While working on exercise 15 I noticed that in the introduction to it on page 373 Needham says that he doesn't want to rely on the TAP for the proof of Brouwer's FP theorem, because he doesn't want to limit the proof to the case where $g$ is a continuous mapping having a finite number of $p$-points in a finite region.

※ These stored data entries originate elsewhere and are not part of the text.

(* Let $\mathcal{X} \subseteq \mathbb{R}^n$ and let $d$ be a distance (metric) on $\mathcal{X}$. Let $\mathcal{P} = \{(x_i, y_i)\}_{i=1}^N$ be a finite labeled training set with $x_i \in \mathcal{X}$, which is linearly separable, and let $L$ be the max-margin linear classifier trained on $\mathcal{P}$. Let $\epsilon > 0$ and suppose that for any two data points $x_i, x_j$ of $\mathcal{P}$, $d(x_i, x_j) > 2\epsilon$ whenever $y_i \neq y_j$. Let $b$ be the nearest-neighbor binarizer $b(x) \in \arg\min_{z \in \mathcal{P}} d(x,z)$ (where $z$ ranges over the data points $x_1,\dots,x_N$), and define the augmented classifier $C(x) = L(b(x))$. Then $C$ is robust over $\mathcal{P}$ with respect to $\epsilon$, and $C$ is exact on the $\epsilon$-neighborhoods of the points of $\mathcal{P}$, i.e. for every $i$ and every $z \in B(x_i,\epsilon)$, $C(z) = y_i$.
   Context: For $x \in \mathcal{X}$ and $\epsilon>0$, $B(x,\epsilon) = \{z \in \mathcal{X} : d(x,z) \le \epsilon\}$. A function $F$ defined on $\mathcal{X}$ is robust over a subset $\mathcal{Q} \subseteq \mathcal{X}$ with respect to $\epsilon>0$ if for all $x \in \mathcal{Q}$ and all $z \in B(x,\epsilon)$, $F(z) = F(x)$. "Exact" means no classification errors. *)

theory Defs
  imports "HOL-Analysis.Analysis"
begin

definition linearly_separable :: "(nat \<Rightarrow> 'a::euclidean_space) \<Rightarrow> (nat \<Rightarrow> real) \<Rightarrow> nat \<Rightarrow> bool" where
  "linearly_separable x y N \<longleftrightarrow> (\<exists>w c. \<forall>i<N. y i * (inner w (x i) + c) > 0)"

definition svm_feasible :: "(nat \<Rightarrow> 'a::euclidean_space) \<Rightarrow> (nat \<Rightarrow> real) \<Rightarrow> nat \<Rightarrow> 'a \<Rightarrow> real \<Rightarrow> bool" where
  "svm_feasible x y N w c \<longleftrightarrow> (\<forall>i<N. y i * (inner w (x i) + c) \<ge> 1)"

definition max_margin_classifier :: "(nat \<Rightarrow> 'a::euclidean_space) \<Rightarrow> (nat \<Rightarrow> real) \<Rightarrow> nat \<Rightarrow> ('a \<Rightarrow> real) \<Rightarrow> bool" where
  "max_margin_classifier x y N L \<longleftrightarrow>
     (\<exists>w c. svm_feasible x y N w c \<and>
            (\<forall>w' c'. svm_feasible x y N w' c' \<longrightarrow> norm w \<le> norm w') \<and>
            L = (\<lambda>v. sgn (inner w v + c)))"

definition nn_binarizer :: "'a set \<Rightarrow> ('a \<Rightarrow> 'a \<Rightarrow> real) \<Rightarrow> (nat \<Rightarrow> 'a) \<Rightarrow> nat \<Rightarrow> ('a \<Rightarrow> 'a) \<Rightarrow> bool" where
  "nn_binarizer X d x N b \<longleftrightarrow>
     (\<forall>v\<in>X. (\<exists>i<N. b v = x i) \<and> (\<forall>j<N. d v (b v) \<le> d v (x j)))"

definition robust_over :: "'a set \<Rightarrow> ('a \<Rightarrow> 'a \<Rightarrow> real) \<Rightarrow> ('a \<Rightarrow> 'b) \<Rightarrow> 'a set \<Rightarrow> real \<Rightarrow> bool" where
  "robust_over X d F Q e \<longleftrightarrow> (\<forall>q\<in>Q. \<forall>z\<in>Metric_space.mcball X d q e. F z = F q)"

end

theory Submission
  imports Defs
begin

text \<open>Every feasible SVM hyperplane, in particular the max-margin one, classifies the training
  points correctly. A point within \<open>\<epsilon>\<close> of \<open>x i\<close> has its nearest training point within
  \<open>2\<epsilon>\<close> of \<open>x i\<close>, which by the separation hypothesis must carry the label \<open>y i\<close>; so
  \<open>L \<circ> b\<close> is constantly \<open>y i\<close> on the ball, which gives both exactness and robustness.\<close>

lemma max_margin_classifier_label:
  assumes "max_margin_classifier x y N L" and "i < N" and "y i \<in> {-1, 1}"
  shows "L (x i) = y i"
proof -
  obtain w c where "svm_feasible x y N w c" and L: "L = (\<lambda>v. sgn (inner w v + c))"
    using assms(1) unfolding max_margin_classifier_def by blast
  then have "y i * (inner w (x i) + c) \<ge> 1"
    using assms(2) unfolding svm_feasible_def by blast
  with assms(3) show ?thesis
    unfolding L by (auto simp: sgn_if)
qed

lemma (in Metric_space) nearest_point_in_double_ball:
  assumes "z \<in> mcball q e" and "p \<in> M" and "d z p \<le> d z q"
  shows "d q p \<le> 2 * e"
proof -
  have "q \<in> M" "z \<in> M" "d q z \<le> e"
    using assms(1) by auto
  moreover have "d z p \<le> d q z"
    using assms(3) commute by simp
  ultimately show ?thesis
    using triangle[of q z p] assms(2) by linarith
qed

lemma nn_binarizer_label:
  assumes "Metric_space X d" and "\<forall>i<N. x i \<in> X"
    and "\<forall>i<N. \<forall>j<N. y i \<noteq> y j \<longrightarrow> d (x i) (x j) > 2 * \<epsilon>"
    and "nn_binarizer X d x N b"
    and "i < N" and "z \<in> Metric_space.mcball X d (x i) \<epsilon>"
  obtains j where "j < N" and "b z = x j" and "y j = y i"
proof -
  interpret Metric_space X d by fact
  obtain j where j: "j < N" "b z = x j" and nearest: "\<forall>k<N. d z (b z) \<le> d z (x k)"
    using assms(4,6) unfolding nn_binarizer_def by auto
  have "d (x i) (x j) \<le> 2 * \<epsilon>"
    using nearest_point_in_double_ball[OF assms(6)] nearest assms(2,5) j by auto
  with assms(3,5) j have "y j = y i" by force
  with j show thesis by (rule that)
qed

theorem theorem1:
  fixes X :: "(real ^ 'n) set" and d :: "real ^ 'n \<Rightarrow> real ^ 'n \<Rightarrow> real"
    and x :: "nat \<Rightarrow> real ^ 'n" and y :: "nat \<Rightarrow> real" and N :: nat
    and L :: "real ^ 'n \<Rightarrow> real" and b :: "real ^ 'n \<Rightarrow> real ^ 'n" and \<epsilon> :: real
  assumes "Metric_space X d"
    and "\<forall>i<N. x i \<in> X"
    and "\<forall>i<N. y i \<in> {-1, 1}"
    and "linearly_separable x y N"
    and "max_margin_classifier x y N L"
    and "\<epsilon> > 0"
    and "\<forall>i<N. \<forall>j<N. y i \<noteq> y j \<longrightarrow> d (x i) (x j) > 2 * \<epsilon>"
    and "nn_binarizer X d x N b"
  shows "robust_over X d (\<lambda>v. L (b v)) (x ` {..<N}) \<epsilon>
    \<and> (\<forall>i<N. \<forall>z\<in>Metric_space.mcball X d (x i) \<epsilon>. L (b z) = y i)"
proof -
  interpret Metric_space X d by fact
  have exact: "L (b z) = y i" if i: "i < N" and z: "z \<in> mcball (x i) \<epsilon>" for i z
  proof -
    obtain j where "j < N" "b z = x j" "y j = y i"
      by (rule nn_binarizer_label[OF assms(1,2,7,8) i z])
    then show ?thesis
      using max_margin_classifier_label[OF assms(5)] assms(3) by metis
  qed
  moreover have "x i \<in> mcball (x i) \<epsilon>" if "i < N" for i
    using assms(2,6) that by auto
  ultimately have "robust_over X d (\<lambda>v. L (b v)) (x ` {..<N}) \<epsilon>"
    unfolding robust_over_def by fastforce
  with exact show ?thesis by blast
qed

end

This caused me to look back at exercise 12 and I noticed that in the proof of Rouché's theorem in part (ii) I had used the TAP in the final step. However in part (iii) of 12 we are only asked to deduce that $\nu[(f+g)(\Gamma),0]=\nu[f(\Gamma),0]$, and not take the final step and claim this as a proof of Rouché's theorem. In my answer however I had in fact made this final step and I now think that Needham was thinking about exercise 15 and so in exercise 12 he only asks us to take part (iii) so far, which enables him to use it in the proof of the first part of exercise 15. In this way the result of exercise 15 (Brouwer's FP theorem) does not rely on the TAP, which is just what Needham wants.
So I have altered my answer to 12 part (iii) so that it points out that if we want to go a step further and prove Rouché's theorem we must accept the restrictions on $g$ that the TAP brings with it.
Do you think this is right?
Vasco
I have read over the questions and our two answers to (12) and the relevant portions of the text. It looks right to me.
Gary